# [RECORD SET]
= Beginning of Section =

theorem propositionB:
  fixes n r :: nat and J :: "(nat \<Rightarrow> int) set" and \<rho> :: "(nat \<Rightarrow> int) \<Rightarrow> real"
  assumes "J \<subseteq> simplex n r"
    and "M_convex_set n J"
    and "\<forall>\<alpha>\<in>simplex n r. \<rho> \<alpha> \<ge> 0"
    and "{\<alpha>\<in>simplex n r. \<rho> \<alpha> \<noteq> 0} = J"
  shows "T0_rep n r J \<rho> \<longleftrightarrow> M_convex_fun n (neglog_fun n r \<rho>)"
proof -
  let ?R = "simplex_weight n r \<rho>"
  have "J \<noteq> {}" using assms(2) by (simp add: M_convex_set_def)
  then have M_convex_iff: "M_convex_fun n (neglog_fun n r \<rho>) \<longleftrightarrow>
      (\<forall>x\<in>J. \<forall>y\<in>J. \<forall>u<n. y u < x u \<longrightarrow> exchange_at n ?R x y u)"
    using M_convex_fun_neglog_iff_exchange assms(1,3,4) by blast
  show ?thesis
  proof
    assume T0: "T0_rep n r J \<rho>"
    interpret M_convex_weight n J ?R
    proof
      show "0 \<le> ?R z" for z using assms(3) by (simp add: simplex_weight_def)
      show "0 < ?R z \<longleftrightarrow> z \<in> J" for z using assms(3,4) by (auto simp: simplex_weight_def less_le)
    qed (use assms(2) exchange_at_if_T0_rep_pdist_le_2[OF assms T0] in auto)
    show "M_convex_fun n (neglog_fun n r \<rho>)" using exchange M_convex_iff by blast
  next
    assume "M_convex_fun n (neglog_fun n r \<rho>)"
    then show "T0_rep n r J \<rho>" using M_convex_iff T0_rep_if_exchange assms(3,4) by blast
  qed
qed

end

= End of Section =

# [WORK TASK]
Count how many lines in the data above include the string "longleftrightarrow", and write only that number.

# [REPLY]
3